Endowment Mortgages

Endowment mortgages

An endowment mortgage is a mortgage loan arranged on an interest-only basis, the capital to be repaid by one or more endowment policies. The phrase endowment mortgage is not a legal term; it is simply used by lenders and consumers (mainly in the UK) to refer to this arrangement.

The borrower has two separate agreements: one with the lender for the mortgage; and one with the insurer for the endowment policy. The arrangements are distinct and the borrower may change either of them. In the past the endowment policy was often taken as additional security by the lender, for instance by ensuring that the proceeds of the endowment were made payable to them rather than the borrower. This practice is uncommon now.

Advantages of an endowment mortgage

The customer pays only the interest on the capital borrowed, thus saving money with respect to an ordinary repayment loan; the borrower instead makes payments to an endowment policy. The aim is that the endowment policy will be sufficient on maturing to repay the mortgage at the end of the term, possibly even with a cash surplus.

Up to 1984 qualifying insurance contracts (including endowment policies) received tax relief known as LAPR (Life Assurance Premium Relief) on the premiums. Similarly MIRAS (Mortgage Interest Relief At Source) made having an endowment mortgage relatively advantageous as the decrease over time of interest repayments on a repayment mortgage meant decreasing MIRAS relief. These tax incentives in favour of endowment mortgages are not often commented on in the media.

Problems with endowment mortgages

The underlying premise with endowment mortgages is that the rate of growth of the investment will exceed the rate of interest charged on the loan. Towards the end of the 1980s, when endowment mortgage selling was at its peak, the projected growth rate for endowment policies was high (7-12% per annum). By the mid-1990s, lower inflation rates made these projections look optimistic.

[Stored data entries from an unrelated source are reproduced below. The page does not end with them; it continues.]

lemma outranking_psubset: "j \<in> outranking z i \<Longrightarrow> outranking z j \<subset> outranking z i"
  unfolding outranking_def by auto

lemma card_outranking_less: "j \<in> outranking z i \<Longrightarrow> card (outranking z j) < card (outranking z i)"
  by (simp add: outranking_psubset psubset_card_mono)

lemma inj_card_outranking: "inj (\<lambda>i. card (outranking z i))"
proof (rule injI, rule ccontr)
  fix i j assume eq: "card (outranking z i) = card (outranking z j)" and "i \<noteq> j"
  then have "i \<in> outranking z j \<or> j \<in> outranking z i"
    unfolding outranking_def by (auto simp: neq_iff)
  then have "card (outranking z i) < card (outranking z j) \<or> card (outranking z j) < card (outranking z i)"
    using card_outranking_less by blast
  with eq show False by simp
qed

lemma range_card_outranking:
  fixes z :: "real ^ ('d::{finite,linorder})"
  shows "range (\<lambda>i. card (outranking z i)) = {..<CARD('d)}"
proof -
  let ?r = "\<lambda>i. card (outranking z i)"
  have "?r i < CARD('d)" for i
    using psubset_card_mono[OF finite, of "outranking z i" UNIV] by (auto simp: outranking_def)
  then have "?r ` UNIV \<subseteq> {..<CARD('d)}" by auto
  moreover have "card (?r ` UNIV) = CARD('d)"
    using card_image[OF inj_card_outranking] by blast
  ultimately show ?thesis by (simp add: card_subset_eq)
qed

lemma card_hard_thr_set_le: "card (hard_thr_set k z) \<le> k"
proof -
  have "card (hard_thr_set k z) \<le> card {..<k}"
    by (rule card_inj_on_le[OF inj_on_subset[OF inj_card_outranking]])
      (auto simp: hard_thr_set_def)
  then show ?thesis by simp
qed

lemma card_hard_thr_set:
  fixes z :: "real ^ ('d::{finite,linorder})"
  assumes "k \<le> CARD('d)"
  shows "card (hard_thr_set k z) = k"
proof -
  have "hard_thr_set k z = (\<lambda>i. card (outranking z i)) -` {..<k}"
    by (auto simp: hard_thr_set_def)
  also have "card \<dots> = card {..<k}"
    by (rule card_vimage_inj[OF inj_card_outranking]) (use assms in \<open>auto simp: range_card_outranking\<close>)
  finally show ?thesis by simp
qed

lemma hard_thr_set_dominates:
  assumes "i \<notin> hard_thr_set k z" "j \<in> hard_thr_set k z"
  shows "\<bar>z $ i\<bar> \<le> \<bar>z $ j\<bar>"
proof (rule ccontr)
  assume "\<not> ?thesis"
  then have "outranking z i \<subset> outranking z j"
    by (intro outranking_psubset) (simp add: outranking_def)
  then have "card (outranking z i) < card (outranking z j)"
    by (simp add: psubset_card_mono)
  then show False
    using assms by (simp add: hard_thr_set_def)
qed

definition vec_support :: "real ^ 'd \<Rightarrow> 'd set" where
  "vec_support v = {i. v $ i \<noteq> 0}"

lemma l0_eq_card_vec_support: "l0 v = card (vec_support v)"
  by (simp add: l0_def vec_support_def)

lemma l0_le_card: "vec_support v \<subseteq> \<Omega> \<Longrightarrow> l0 v \<le> card \<Omega>"
  unfolding l0_eq_card_vec_support by (rule card_mono) auto
lemma exists_projection_along:
  assumes R: "subgroup R (Pow_group C t)" "diag_invariant C t R"
    and J': "J' \<subseteq> {..<t}" and disjoint: "R \<inter> trivial_on C t J' = {\<one>\<^bsub>Pow_group C t\<^esub>}"
    and span: "R <#>\<^bsub>Pow_group C t\<^esub> trivial_on C t J' = carrier (Pow_group C t)"
  shows "\<exists>(n :: nat \<Rightarrow> nat \<Rightarrow> int) \<pi>.
    \<pi> \<in> hom (Pow_group C t) (Pow_group C t)
    \<and> \<pi> ` carrier (Pow_group C t) = trivial_on C t J'
    \<and> (\<forall>x\<in>carrier (Pow_group C t). \<pi> x = \<one>\<^bsub>Pow_group C t\<^esub> \<longleftrightarrow> x \<in> R)
    \<and> (\<forall>q\<in>trivial_on C t J'. \<pi> q = q)
    \<and> (\<forall>i<t. \<forall>c\<in>carrier C.
         \<pi> (coord_embed C t i c) = (\<lambda>j\<in>{..<t}. if j \<notin> J' then c [^] (n i j) else \<one>))"
proof -
  interpret P: complementary_subgroups "Pow_group C t" R "trivial_on C t J'"
    using comm_group_Pow_group R(1) subgroup_coord_subprod disjoint span
    by (simp add: complementary_subgroups_def complementary_subgroups_axioms_def)
  have commute: "P.proj (diag_map t \<phi> x) = diag_map t \<phi> (P.proj x)"
    if "\<phi> \<in> hom C C" "x \<in> carrier (Pow_group C t)" for \<phi> x
    using that R(2) by (intro P.proj_commute diag_map_hom diag_map_trivial_on) auto
  have embed: "coord_embed C t i c \<in> carrier (Pow_group C t)" if "c \<in> carrier C" for i c
    using coord_embed_hom that by (rule hom_in_carrier)
  have scalar: "\<exists>m::nat. \<forall>c\<in>carrier C. P.proj (coord_embed C t i c) j = c [^] m" if "j < t" for i j
    using P.proj_hom commute that by (rule diag_commuting_hom_coord_pow)
  define m where "m i j = (SOME m::nat. \<forall>c\<in>carrier C. P.proj (coord_embed C t i c) j = c [^] m)" for i j
  have m: "P.proj (coord_embed C t i c) j = c [^] m i j" if "j < t" "c \<in> carrier C" for i j c
    using someI_ex[OF scalar[OF that(1)]] that(2) unfolding m_def by blast
  have "P.proj (coord_embed C t i c) = (\<lambda>j\<in>{..<t}. if j \<notin> J' then c [^] int (m i j) else \<one>)"
    if "c \<in> carrier C" for i c
  proof -
    have "P.proj (coord_embed C t i c) \<in> trivial_on C t J'"
      using P.proj_mem embed that by blast
    then have ext: "P.proj (coord_embed C t i c) \<in> extensional {..<t}"
      and one: "\<forall>j\<in>J'. P.proj (coord_embed C t i c) j = \<one>"
      using J' by (auto simp: mem_trivial_on carrier_Pow_group PiE_iff)
    show ?thesis
    proof (rule extensionalityI[OF ext])
      fix j assume "j \<in> {..<t}"
      then show "P.proj (coord_embed C t i c) j
          = (\<lambda>j\<in>{..<t}. if j \<notin> J' then c [^] int (m i j) else \<one>) j"
        using one m[of j c i] that by (auto simp: int_pow_int)
    qed simp
  qed
  then show ?thesis
    using P.proj_hom P.proj_image P.proj_eq_one_iff P.proj_fixes
    by (intro exI[of _ "\<lambda>i j. int (m i j)"] exI[of _ P.proj]) simp
qed

end

section \<open>Products over small subsets\<close>

lemma hom_finprod:
  assumes G: "comm_group G" and H: "comm_group H" and \<phi>: "\<phi> \<in> hom G H"
    and c: "c \<in> A \<rightarrow> carrier G"
  shows "\<phi> (finprod G c A) = finprod H (\<lambda>a. \<phi> (c a)) A"
proof -
  interpret G: comm_group G by (rule G)
  interpret H: comm_group H by (rule H)
  show ?thesis
    using c
  proof (induction A rule: infinite_finite_induct)
    case (insert a A)
    then have "(\<lambda>a. \<phi> (c a)) \<in> insert a A \<rightarrow> carrier H"
      using \<phi> hom_in_carrier by fastforce
    then show ?case
      using insert \<phi> by (simp add: hom_mult Pi_iff)
  qed (use hom_one[OF \<phi> G.is_group H.is_group] in simp_all)
qed

lemma separating_subset:
  assumes J: "finite J" and a: "a \<in> J" "\<forall>b\<in>J. card (S b) \<le> card (S a)"
    and S: "\<forall>j\<in>J. finite (S j) \<and> S j \<noteq> {}" "inj_on S J"
  obtains A where "A \<subseteq> S a" "A \<noteq> {}" "card A \<le> card J" "\<forall>b\<in>J - {a}. \<not> A \<subseteq> S b"
proof -
  have "\<exists>i. i \<in> S a - S b" if b: "b \<in> J - {a}" for b
  proof (rule ccontr)
    assume "\<nexists>i. i \<in> S a - S b"
    then have "S a \<subseteq> S b"
      by blast
    moreover have "card (S a) \<le> card (S b)"
      using card_mono \<open>S a \<subseteq> S b\<close> b S(1) by blast
    ultimately have "S a = S b"
      using a(2) b S(1) by (intro card_subset_eq) (auto intro: le_antisym)
    then show False
      using S(2) a(1) b by (auto dest: inj_onD)
  qed
  then obtain sep where sep: "\<And>b. b \<in> J - {a} \<Longrightarrow> sep b \<in> S a - S b"
    by metis
  obtain i0 where "i0 \<in> S a"
    using S(1) a(1) by blast
  define A where "A = insert i0 (sep ` (J - {a}))"
  have "card A \<le> Suc (card (sep ` (J - {a})))"
    unfolding A_def using J by (simp add: card_insert_if)
  also have "\<dots> \<le> Suc (card (J - {a}))"
    using J by (simp add: card_image_le)
  also have "\<dots> = card J"
    using J a(1) by (rule card_Suc_Diff1)
  finally have "card A \<le> card J" .
  moreover have "A \<subseteq> S a" "\<forall>b\<in>J - {a}. \<not> A \<subseteq> S b"
    unfolding A_def using \<open>i0 \<in> S a\<close> sep by blast+
  ultimately show thesis
    using that A_def by blast
qed

definition small_subsets :: "nat \<Rightarrow> 'x set \<Rightarrow> 'x set set"
  where "small_subsets k S = {U. U \<subseteq> S \<and> U \<noteq> {} \<and> card U \<le> k}"

lemma finite_small_subsets: "finite S \<Longrightarrow> finite (small_subsets k S)"
  by (rule finite_subset[of _ "Pow S"]) (auto simp: small_subsets_def)

definition subset_products ::
    "('a, 'b) monoid_scheme \<Rightarrow> nat \<Rightarrow> nat \<Rightarrow> (nat \<Rightarrow> 'x set) \<Rightarrow> ('x set \<Rightarrow> 'a) \<Rightarrow> nat \<Rightarrow> 'a"
  where "subset_products G t k S c = (\<lambda>j\<in>{..<t}. finprod G c (small_subsets k (S j)))"

definition subset_product_group ::
    "('a, 'b) monoid_scheme \<Rightarrow> nat \<Rightarrow> nat \<Rightarrow> (nat \<Rightarrow> 'x set) \<Rightarrow> (nat \<Rightarrow> 'a) set"
  where "subset_product_group G t k S = subset_products G t k S ` carrier (product_group UNIV (\<lambda>_. G))"

context comm_group
begin
lemma linear_inj_on_imp_onto_fin_dim:
  fixes f :: "'a::real_vector \<Rightarrow> 'b::real_vector"
  assumes f: "linear f" "f ` L \<subseteq> K"
    and K: "fin_dim K" and L: "fin_dim L" and dim_eq: "dim L = dim K"
    and inj: "\<And>y. y \<in> L \<Longrightarrow> f y = 0 \<Longrightarrow> y = 0"
    and z: "z \<in> K"
  shows "\<exists>y\<in>L. f y = z"
proof -
  obtain B where B: "B \<subseteq> L" "independent B" "card B = dim L" "finite B"
    by (rule fin_dim_obtain_basis[OF L])
  have span_B: "span B \<subseteq> L" using B(1) fin_dim_subspace[OF L] by (simp add: span_minimal)
  have inj_f: "inj_on f (span B)"
  proof (rule inj_onI)
    fix x y assume "x \<in> span B" "y \<in> span B" "f x = f y"
    moreover from this have "x - y \<in> L" using span_B span_diff by blast
    ultimately show "x = y" using inj[of "x - y"] linear_diff[OF f(1)] by simp
  qed
  have indep: "independent (f ` B)"
    by (rule linear_independent_injective_image[OF f(1) B(2) inj_f])
  have card: "card (f ` B) = dim K"
    using card_image[OF inj_on_subset[OF inj_f span_superset]] B(3) dim_eq by simp
  have "z \<in> span (f ` B)"
  proof (rule ccontr)
    assume z_notin: "z \<notin> span (f ` B)"
    then have "z \<notin> f ` B" by (metis span_base)
    then have "card (insert z (f ` B)) = dim K + 1"
      using card B(4) by (simp add: card_insert_disjoint)
    moreover have "insert z (f ` B) \<subseteq> K" using f(2) B(1) z by blast
    then have "card (insert z (f ` B)) \<le> dim K"
      using fin_dim_independent_card_le[OF K _ independent_insertI[OF z_notin indep]] by simp
    ultimately show False by simp
  qed
  then have "z \<in> f ` span B" using span_linear_image[OF f(1), of B] by simp
  then show ?thesis using span_B by blast
qed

Regulation of investment advice and a growing awareness of the potential for regulatory action against the insurers led to a reduction in projected growth rates down to 7.5% and eventually as low as 4% per annum. By 2001 the arrangment of new endowment mortgages had virtually ceased.

Shortfalls

Financial regulations introduced compulsory reprojection letters to show existing endowment holders what the likely value of their endowment would be on maturing, assuming standard growth rates. Many endowment holders have complained of mis-selling, which in turn has spawned a secondary trade in "handling" complaints on consumers' behalf for a fee (even though the consumers can pursue it themselves at no charge).

In many cases the regulators have found in favour of the policyholder and have required the insurer or broker responsible for the original advice to restore their customers to the financial position they would have been in had they taken out a repayment mortgage instead. As of July 2006, UK banks and insurance providers have paid out approximately £2.2 billion in compensation.